O Tesouro Nacional realizou, nesta quarta-feira (4), uma captação de US$ 2,75 bilhões no mercado internacional, por meio da emissão de títulos da dívida externa com vencimentos em 2030 e 2035. A operação registrou a maior demanda dos últimos sete anos, atingindo um pico de US$ 10,9 bilhões, cerca de quatro vezes o valor ofertado.

Foram emitidos US$ 1,5 bilhão em papéis com vencimento em 2030 e US$ 1,25 bilhão com vencimento em 2035. Segundo o Tesouro, a procura foi liderada por investidores da Europa e América do Norte, que representaram 87% do total. Compradores da América Latina, incluindo o Brasil, responderam por 11,6% das aquisições.

Os papéis de cinco anos foram negociados com rendimento anual de 5,68%, a maior taxa já registrada para esse tipo de título. Ainda assim, o percentual ficou abaixo das expectativas do mercado, que estimavam 6,125% ao ano. Na emissão mais recente desses títulos, realizada em dezembro de 2020, a taxa foi de 2,2% ao ano, num cenário de juros globais praticamente zerados devido à pandemia de covid-19.

Já os papéis de dez anos foram negociados com taxa de 6,73% ao ano, também abaixo da expectativa de 7,125%, mas acima dos 6,35% registrados em janeiro de 2023. Em comparação com a última emissão de fevereiro deste ano, quando os juros chegaram a 6,75%, a nova taxa representa uma leve queda.

Desde 2022, os juros básicos dos Estados Unidos vêm subindo, mantendo-se atualmente em uma faixa entre 5,25% e 5,5% ao ano. Como os títulos brasileiros no exterior são indexados aos papéis do Tesouro norte-americano, considerados os mais seguros do mundo, os rendimentos das emissões brasileiras acompanham essa elevação, acrescidos de um prêmio de risco.

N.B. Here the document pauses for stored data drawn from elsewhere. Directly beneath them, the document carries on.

lemma integrable_L1: "(\<lambda>x. poly p x * (w x / (1 - x))) integrable_on {0..1}"
proof -
  have "continuous_on {0..1} (\<lambda>x. poly p x * x powr alpha * jump_factor x)"
    by (intro continuous_on_mult continuous_on_powr_alpha continuous_on_jump_factor
        continuous_on_poly continuous_on_id)
  then have "(\<lambda>x. poly p x * x powr alpha * jump_factor x * (1 - x) powr (beta - 1))
      integrable_on {0..1}"
    using absolutely_integrable_one_minus_powr[OF beta_pos]
    by (rule integrable_on_continuous_times_absolutely_integrable)
  then show ?thesis
  proof (rule integrable_eq)
    show "poly p x * x powr alpha * jump_factor x * (1 - x) powr (beta - 1) = poly p x * (w x / (1 - x))"
      if "x \<in> {0..1}" for x
    proof (cases "x = 1")
      case False
      with that show ?thesis by (simp add: wt_eq powr_diff)
    qed simp
  qed
qed

lemmas M_add = moment_add[OF integrable_M]
   and L0_add = moment_add[OF integrable_L0]
   and L1_add = moment_add[OF integrable_L1]

lemma wt_has_log_derivative:
  assumes x: "x \<in> {0<..<1}" "x \<noteq> t"
  shows "(w has_field_derivative w x * (alpha / x - beta / (1 - x) + gamma / (x - t))) (at x)"
proof -
  obtain K s U where U: "open U" "x \<in> U" and s: "0 < s * (x - t)"
    and local_form: "\<And>y. y \<in> U \<Longrightarrow> w y = K * y powr alpha * (1 - y) powr beta * (s * (y - t)) powr gamma"
  proof (cases "t < x")
    case True
    show ?thesis
      by (rule that[of "{t<..}" 1 "A + B"]) (use True in \<open>auto simp: wt_eq jump_factor_def algebra_simps\<close>)
  next
    case False
    with x have "x < t" by simp
    show ?thesis
      by (rule that[of "{..<t}" "-1" A]) (use \<open>x < t\<close> gamma_pos in \<open>auto simp: wt_eq jump_factor_def algebra_simps\<close>)
  qed
  have "((\<lambda>y. K * y powr alpha * (1 - y) powr beta * (s * (y - t)) powr gamma) has_field_derivative
      w x * (alpha / x - beta / (1 - x) + gamma / (x - t))) (at x)"
    using powr_product_log_deriv[of x s t K alpha beta gamma] x s local_form[OF U(2)] by simp
  then show ?thesis
    by (rule has_field_derivative_transform_within_open[OF _ U]) (simp add: local_form)
qed

lemma moment_ibp:
  "M (pderiv ([:-t, 1:] * T)) + alpha * L0 ([:-t, 1:] * T) - beta * L1 ([:-t, 1:] * T) + gamma * M T = 0"
proof -
  let ?S = "[:-t, 1:] * T"
  define f where "f x = poly (pderiv ?S) x * w x + alpha * (poly ?S x * (w x / x))
    - beta * (poly ?S x * (w x / (1 - x))) + gamma * (poly T x * w x)" for x
  have "(f has_integral poly ?S 1 * w 1 - poly ?S 0 * w 0) {0..1}"
  proof (rule fundamental_theorem_of_calculus_interior_strong[of "{t}"])
    show "continuous_on {0..1} (\<lambda>x. poly ?S x * w x)"
      by (intro continuous_intros continuous_on_wt)
    show "((\<lambda>x. poly ?S x * w x) has_vector_derivative f x) (at x)" if "x \<in> {0<..<1} - {t}" for x
    proof -
      have "x \<noteq> 0" "x \<noteq> 1" "x \<noteq> t"
        using that by auto
      have "((\<lambda>x. poly ?S x * w x) has_field_derivative
          poly (pderiv ?S) x * w x + w x * (alpha / x - beta / (1 - x) + gamma / (x - t)) * poly ?S x) (at x)"
        using DERIV_mult[OF poly_DERIV wt_has_log_derivative, of x ?S] that by simp
      then have "((\<lambda>x. poly ?S x * w x) has_field_derivative f x) (at x)"
        by (rule DERIV_cong) (use \<open>x \<noteq> 0\<close> \<open>x \<noteq> 1\<close> \<open>x \<noteq> t\<close> in
          \<open>simp add: f_def divide_simps, simp add: algebra_simps\<close>)
      then show ?thesis
        by (simp add: has_real_derivative_iff_has_vector_derivative)
    qed
  qed auto
  then have "(f has_integral 0) {0..1}"
    by (simp add: wt_0 wt_1)
  moreover have "(f has_integral M (pderiv ?S) + alpha * L0 ?S - beta * L1 ?S + gamma * M T) {0..1}"
    unfolding f_def moment_def
    by (intro has_integral_add has_integral_diff has_integral_mult_right integrable_integral
        integrable_M integrable_L0 integrable_L1)
  ultimately show ?thesis
    using has_integral_unique by blast
qed

lemma L0_linear_times: "L0 ([:-c, 1:] * S) = M S - c * L0 S"
proof -
  have "L0 ([:0, 1:] * S) = M S"
    unfolding moment_def using alpha_pos by (intro integral_cong) (auto simp: wt_eq)
  moreover have "L0 ([:-c, 1:] * S) = L0 ([:0, 1:] * S) + L0 (smult (- c) S)"
    by (subst L0_add[symmetric]) simp
  moreover have "L0 (smult (- c) S) = - c * L0 S"
    by (rule moment_smult)
  ultimately show ?thesis
    by simp
qed

lemma L1_linear_times: "L1 ([:-c, 1:] * S) = (1 - c) * L1 S - M S"
proof -
  have "poly ([:1, -1:] * S) x * (w x / (1 - x)) = poly S x * w x" for x
  proof (cases "x = 1")
    case True
    then show ?thesis using beta_pos by (simp add: wt_eq)
  next
    case False
    then show ?thesis by (simp add: field_simps)
  qed
  then have "L1 ([:1, -1:] * S) = M S"
    by (simp add: moment_def)
  moreover have "[:-c, 1:] * S = smult (1 - c) S + smult (- 1) ([:1, -1:] * S)"
    by (simp add: poly_eq_poly_eq_iff[symmetric] fun_eq_iff algebra_simps)
  then have "L1 ([:-c, 1:] * S) = (1 - c) * L1 S - L1 ([:1, -1:] * S)"
    by (simp only: L1_add moment_smult)
  ultimately show ?thesis
    by simp
qed

lemma moment_sq_pos:
  assumes "p \<noteq> 0"
  shows "0 < M (p * p)"
proof -
  obtain c d where "0 \<le> c" "c < d" "d \<le> 1" and pos: "\<And>x. x \<in> {c<..<d} \<Longrightarrow> 0 < w x"
  proof (cases "0 < A")
    case True
    show ?thesis
      by (rule that[of 0 t]) (use t_pos t_less_1 True in \<open>auto simp: wt_def heaviside_def\<close>)
  next
    case False
    then have "0 < A + B"
      using A_nonneg A_B_nonneg A_B_nonzero by auto
    show ?thesis
      by (rule that[of t 1]) (use t_pos t_less_1 \<open>0 < A + B\<close> in \<open>auto simp: wt_def heaviside_def\<close>)
  qed
  then have "0 < integral {0..1} (\<lambda>x. poly p x * poly p x * w x)"
    using integral_poly_sq_weight_pos[OF continuous_on_wt] wt_nonneg assms by blast
  then show ?thesis
    by (simp add: moment_def)
qed

text \<open>\<open>Lt S\<close> stands for \<open>\<gamma> \<integral> S w / (x - t)\<close>, made sense of by integration by parts.\<close>
definition Lt :: "real poly \<Rightarrow> real" where
  "Lt S = beta * L1 S - alpha * L0 S - M (pderiv S)"

lemma Lt_add: "Lt (S + T) = Lt S + Lt T"
  unfolding Lt_def by (simp add: pderiv_add M_add L0_add L1_add algebra_simps)

lemma Lt_smult: "Lt (smult c S) = c * Lt S"
  unfolding Lt_def by (simp add: pderiv_smult moment_smult algebra_simps)

lemma Lt_quotient: "Lt ([:-t, 1:] * T) = gamma * M T"
  using moment_ibp[of T] unfolding Lt_def by simp

end

section \<open>The recurrence coefficients\<close>

lemma quadratic_relation_normalize:
  fixes X U V h \<kappa> :: real
  assumes "h \<noteq> 0" "X ^ 2 - U * V = \<kappa> * h * X"
  shows "X / h * (X / h - \<kappa>) = U / h * (V / h)"
proof -
  have "X / h * (X / h - \<kappa>) = (X ^ 2 - \<kappa> * h * X) / h ^ 2"
    using assms(1) by (simp add: field_simps power2_eq_square)
  then show ?thesis
    using assms by (simp add: field_simps power2_eq_square)
qed

text \<open>The identity is \<open>t\<^sup>2\<close> times the first relation, plus \<open>(1 - t)\<^sup>2\<close> times the second,
  plus \<open>t (1 - t)\<close> times (first + second - third).\<close>
lemma beta_identity_from_quadratics:
  fixes y r z a a' c c' b b' n bn t alpha beta gamma :: real
  assumes y: "y * (y - alpha) = a * a'" and r: "r * (r + beta) = c * c'"
    and z: "z * (z - gamma) = b * b'"
    and b: "b = c - a" and b': "b' = c' - a'" and z_eq: "z = r - y - n"
    and bn: "(alpha + beta + gamma + 2 * n + 1) * bn = t * a + (1 - t) * c"
    and bn_pred: "alpha + beta + gamma + 2 * n - 1 = t * a' + (1 - t) * c'"
  shows "(alpha + beta + gamma + 2 * n + 1) * (alpha + beta + gamma + 2 * n - 1) * bn =
           (t * y - (t - 1) * r) ^ 2 - (t - 1) * (2 * n * t + gamma * t + beta) * r
           + t * ((t - 1) * (2 * n + gamma) - alpha) * y + n * (n + gamma) * (t ^ 2 - t)"
proof -
  have "(t * y - (t - 1) * r) ^ 2 - (t - 1) * (2 * n * t + gamma * t + beta) * r
           + t * ((t - 1) * (2 * n + gamma) - alpha) * y + n * (n + gamma) * (t ^ 2 - t)
       = t\<^sup>2 * (y * (y - alpha)) + (1 - t)\<^sup>2 * (r * (r + beta))
           + t * (1 - t) * (r * (r + beta) + y * (y - alpha) - z * (z - gamma))"
    unfolding z_eq by (simp add: algebra_simps power2_eq_square)
  also have "\<dots> = t\<^sup>2 * (a * a') + (1 - t)\<^sup>2 * (c * c') + t * (1 - t) * (c * c' + a * a' - (c - a) * (c' - a'))"
    unfolding y r z b b' ..
  also have "\<dots> = (t * a + (1 - t) * c) * (t * a' + (1 - t) * c')"
    by (simp add: algebra_simps power2_eq_square)
  finally show ?thesis
    unfolding bn[symmetric] bn_pred[symmetric] by (simp add: algebra_simps)
qed

locale jump_weight_OP = jump_weight +
  fixes P :: "nat \<Rightarrow> real poly"
  assumes monic_OP: "monic_OP w P"
begin

sublocale orthogonal_poly_system M P
proof
  show "M (p + q) = M p + M q" for p q
    by (rule M_add)
  show "M (smult c p) = c * M p" for c p
    by (rule moment_smult)
  show "degree (P n) = n" "lead_coeff (P n) = 1" for n
    using monic_OP unfolding monic_OP_def by blast+
  show "M (P m * P n) = 0" if "m \<noteq> n" for m n
    using monic_OP that by (auto simp: monic_OP_def ip_def moment_def mult.assoc)
qed

lemma sqnorm_pos: "0 < sqnorm k"
  using moment_sq_pos[OF P_nonzero] unfolding sqnorm_def .

lemma hn_eq_sqnorm: "hn w P k = sqnorm k"
  unfolding hn_def ip_def sqnorm_def moment_def by (simp add: mult.assoc)

lemma Rn_eq: "Rn beta w P k = beta / sqnorm k * L1 (P k * P k)"
  unfolding Rn_def hn_eq_sqnorm moment_def by (simp add: power2_eq_square)

lemma yn_eq: "yn alpha w P (Suc m) = alpha / sqnorm m * L0 (P (Suc m) * P m)"
  unfolding yn_def hn_eq_sqnorm moment_def by simp

lemma rn_eq: "rn beta w P (Suc m) = beta / sqnorm m * L1 (P (Suc m) * P m)"
  unfolding rn_def hn_eq_sqnorm moment_def by simp

lemma sqnorm_ibp:
  "(alpha + beta + gamma + 2 * real k + 1) * sqnorm k
     = t * alpha * L0 (P k * P k) + (1 - t) * beta * L1 (P k * P k)"
proof -
  let ?X = "P k * P k"
  have "pderiv ([:-t, 1:] * ?X) = ?X + smult 2 (P k * ([:-t, 1:] * pderiv (P k)))"
    by (simp add: poly_eq_poly_eq_iff[symmetric] fun_eq_iff pderiv_mult pderiv_pCons pderiv_diff pderiv_smult algebra_simps)
  then have "M (pderiv ([:-t, 1:] * ?X)) = M ?X + 2 * M (P k * ([:-t, 1:] * pderiv (P k)))"
    by (simp only: M_add moment_smult)
  also have "\<dots> = (1 + 2 * real k) * sqnorm k"
    unfolding M_P_linear_times_pderiv_P sqnorm_def by (simp add: algebra_simps)
  finally have "M (pderiv ([:-t, 1:] * ?X)) = (1 + 2 * real k) * sqnorm k" .
  then show ?thesis
    using moment_ibp[of ?X] unfolding L0_linear_times L1_linear_times sqnorm_def[symmetric]
    by (simp add: algebra_simps)
qed

lemma ibp_P_x_P:
  assumes rec: "[:0, 1:] * P (Suc m) = P (Suc (Suc m)) + smult an (P (Suc m)) + smult bn (P m)"
  shows "(alpha + beta + gamma + 2 * real (Suc m) + 2) * an * sqnorm (Suc m)
           = (t + alpha * t - (1 - t) * beta - 2 * coeff (euler_defect t (P (Suc m))) m) * sqnorm (Suc m)
             + (1 - t) * beta * L1 (P (Suc m) * P (Suc m))"
proof -
  let ?p = "P (Suc m)" and ?W = "euler_defect t (P (Suc m))" and ?h = "sqnorm (Suc m)"
  let ?X = "[:0, 1:] * (?p * ?p)"
  have M_X: "M ?X = an * ?h"
    using M_P_x_P[OF rec] by (simp add: algebra_simps)
  have "M (?p * ([:0, 1:] * ?W)) = coeff ?W m * ?h"
    using M_P_mult_degree_le[of "[:0, 1:] * ?W" "Suc m"] degree_euler_defect[OF degree_P]
    by (simp add: degree_pCons_le)
  with pderiv_linear_times_x_sq[of t ?p, unfolded degree_P] M_X
  have M_pderiv: "M (pderiv ([:-t, 1:] * ?X)) = (2 + 2 * real (Suc m)) * an * ?h - t * ?h + 2 * coeff ?W m * ?h"
    by (simp only: M_add M_diff moment_smult sqnorm_def)
  have L0_X: "L0 ?X = ?h" and L1_X: "L1 ?X = L1 (?p * ?p) - ?h"
    using L0_linear_times[of 0 "?p * ?p"] L1_linear_times[of 0 "?p * ?p"] by (simp_all add: sqnorm_def)
  have "M (pderiv ([:-t, 1:] * ?X)) + alpha * (M ?X - t * L0 ?X) - beta * ((1 - t) * L1 ?X - M ?X)
      + gamma * M ?X = 0"
    using moment_ibp[of ?X] unfolding L0_linear_times L1_linear_times .
  then show ?thesis
    unfolding M_pderiv M_X L0_X L1_X by (simp add: algebra_simps)
qed

lemma ibp_P_P_pred:
  "coeff (euler_defect t (P (Suc m))) m * sqnorm m
     = t * alpha * L0 (P (Suc m) * P m) + (1 - t) * beta * L1 (P (Suc m) * P m)"
proof -
  let ?p = "P (Suc m)" and ?q = "P m" and ?W = "euler_defect t (P (Suc m))"
  note pderiv_linear_times_mult[of t ?p ?q, unfolded degree_P]
  moreover have "M (?p * ?q) = 0"
    by (rule orthogonal) simp
  moreover have "M (?p * ([:-t, 1:] * pderiv ?q)) = 0"
    using degree_linear_times_pderiv_le[of t ?q]
    by (intro M_P_mult_lower_degree) (auto simp: degree_P)
  moreover have "M (?q * ?W) = coeff ?W m * sqnorm m"
    by (rule M_P_mult_degree_le) (rule degree_euler_defect[OF degree_P])
  ultimately have "M (pderiv ([:-t, 1:] * (?p * ?q))) = coeff ?W m * sqnorm m"
    by (simp only: M_add moment_smult)
  then show ?thesis
    using moment_ibp[of "?p * ?q"] \<open>M (?p * ?q) = 0\<close> unfolding L0_linear_times L1_linear_times
    by (simp add: algebra_simps)
qed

Taxas mais altas, embora encareçam o custo da dívida, ainda indicam confiança dos investidores internacionais na capacidade do Brasil de honrar seus compromissos. Em contextos de instabilidade econômica e elevação dos juros globais, esse tipo de reação é comum, com os credores exigindo maior retorno para emprestar aos países emergentes.

A operação também refletiu nas taxas de spread. Para os papéis de cinco anos, a diferença entre os juros brasileiros e os norte-americanos recuou para 175,5 pontos-base (1,755 ponto percentual), frente aos 177,9 pontos da emissão anterior. Já para os títulos de dez anos, o spread aumentou para 237,5 pontos (2,375 pontos percentuais), frente aos 220 pontos da emissão de fevereiro.

Os recursos captados serão incorporados às reservas internacionais brasileiras em 11 de junho. O Tesouro Nacional destacou que a emissão não tem como objetivo primordial reforçar as divisas do país, mas sim fortalecer a liquidez da dívida externa e estabelecer uma referência para empresas brasileiras interessadas em captar recursos no mercado internacional.